● **WORK TASK**: How many of the lines below have the word "forall" in them? The answer is that number and nothing more.

● **DATA PROVIDED**:

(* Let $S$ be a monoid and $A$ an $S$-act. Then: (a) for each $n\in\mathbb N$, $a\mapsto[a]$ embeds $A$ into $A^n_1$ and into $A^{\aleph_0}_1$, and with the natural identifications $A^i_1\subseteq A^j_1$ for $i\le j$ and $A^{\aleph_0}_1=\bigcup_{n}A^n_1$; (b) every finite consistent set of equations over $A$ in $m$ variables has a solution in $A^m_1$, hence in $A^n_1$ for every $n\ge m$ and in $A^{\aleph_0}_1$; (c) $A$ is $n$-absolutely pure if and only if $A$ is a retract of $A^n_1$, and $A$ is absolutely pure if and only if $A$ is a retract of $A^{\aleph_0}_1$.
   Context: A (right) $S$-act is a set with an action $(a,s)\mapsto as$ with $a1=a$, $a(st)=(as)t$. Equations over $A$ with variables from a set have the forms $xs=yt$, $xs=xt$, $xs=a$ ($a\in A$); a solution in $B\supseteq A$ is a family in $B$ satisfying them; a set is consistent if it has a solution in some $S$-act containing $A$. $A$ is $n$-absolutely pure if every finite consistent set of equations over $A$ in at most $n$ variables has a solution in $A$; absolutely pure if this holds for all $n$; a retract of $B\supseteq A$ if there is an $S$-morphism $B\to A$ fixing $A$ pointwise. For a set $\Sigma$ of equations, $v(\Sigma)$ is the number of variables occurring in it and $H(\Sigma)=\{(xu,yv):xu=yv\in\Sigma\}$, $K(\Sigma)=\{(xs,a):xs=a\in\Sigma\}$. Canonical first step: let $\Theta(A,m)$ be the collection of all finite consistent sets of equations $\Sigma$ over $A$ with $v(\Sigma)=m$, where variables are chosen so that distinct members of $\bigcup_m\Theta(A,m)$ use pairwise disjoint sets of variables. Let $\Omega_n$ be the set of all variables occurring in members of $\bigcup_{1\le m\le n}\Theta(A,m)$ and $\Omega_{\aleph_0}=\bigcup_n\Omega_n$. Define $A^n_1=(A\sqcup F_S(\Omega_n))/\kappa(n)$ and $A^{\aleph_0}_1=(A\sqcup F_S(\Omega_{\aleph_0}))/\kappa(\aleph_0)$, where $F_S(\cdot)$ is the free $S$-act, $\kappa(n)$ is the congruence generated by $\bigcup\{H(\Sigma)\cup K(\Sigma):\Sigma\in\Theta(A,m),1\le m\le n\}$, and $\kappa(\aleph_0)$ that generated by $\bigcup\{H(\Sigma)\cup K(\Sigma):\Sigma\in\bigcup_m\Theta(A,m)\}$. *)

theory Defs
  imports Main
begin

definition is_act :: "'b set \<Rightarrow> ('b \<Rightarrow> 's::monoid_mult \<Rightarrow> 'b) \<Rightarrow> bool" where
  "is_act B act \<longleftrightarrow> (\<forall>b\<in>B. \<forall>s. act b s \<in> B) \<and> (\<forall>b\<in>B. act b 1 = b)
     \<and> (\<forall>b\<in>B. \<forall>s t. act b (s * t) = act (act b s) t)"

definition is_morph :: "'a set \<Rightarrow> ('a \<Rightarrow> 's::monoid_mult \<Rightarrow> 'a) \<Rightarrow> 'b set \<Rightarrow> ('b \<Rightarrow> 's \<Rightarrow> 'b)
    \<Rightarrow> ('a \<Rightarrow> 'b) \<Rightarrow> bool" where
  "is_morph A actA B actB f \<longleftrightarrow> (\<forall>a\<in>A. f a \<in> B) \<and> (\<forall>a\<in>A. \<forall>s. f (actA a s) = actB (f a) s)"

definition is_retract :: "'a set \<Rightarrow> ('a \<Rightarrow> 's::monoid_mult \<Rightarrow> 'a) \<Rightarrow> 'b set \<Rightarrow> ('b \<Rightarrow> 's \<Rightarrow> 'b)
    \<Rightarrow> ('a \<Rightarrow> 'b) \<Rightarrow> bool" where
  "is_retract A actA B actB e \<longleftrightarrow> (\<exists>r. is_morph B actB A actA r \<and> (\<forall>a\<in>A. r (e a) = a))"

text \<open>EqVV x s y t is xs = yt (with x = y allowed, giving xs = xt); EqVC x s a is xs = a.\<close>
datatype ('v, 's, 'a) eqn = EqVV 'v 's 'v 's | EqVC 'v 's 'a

● **RESPONSE BOX**: 4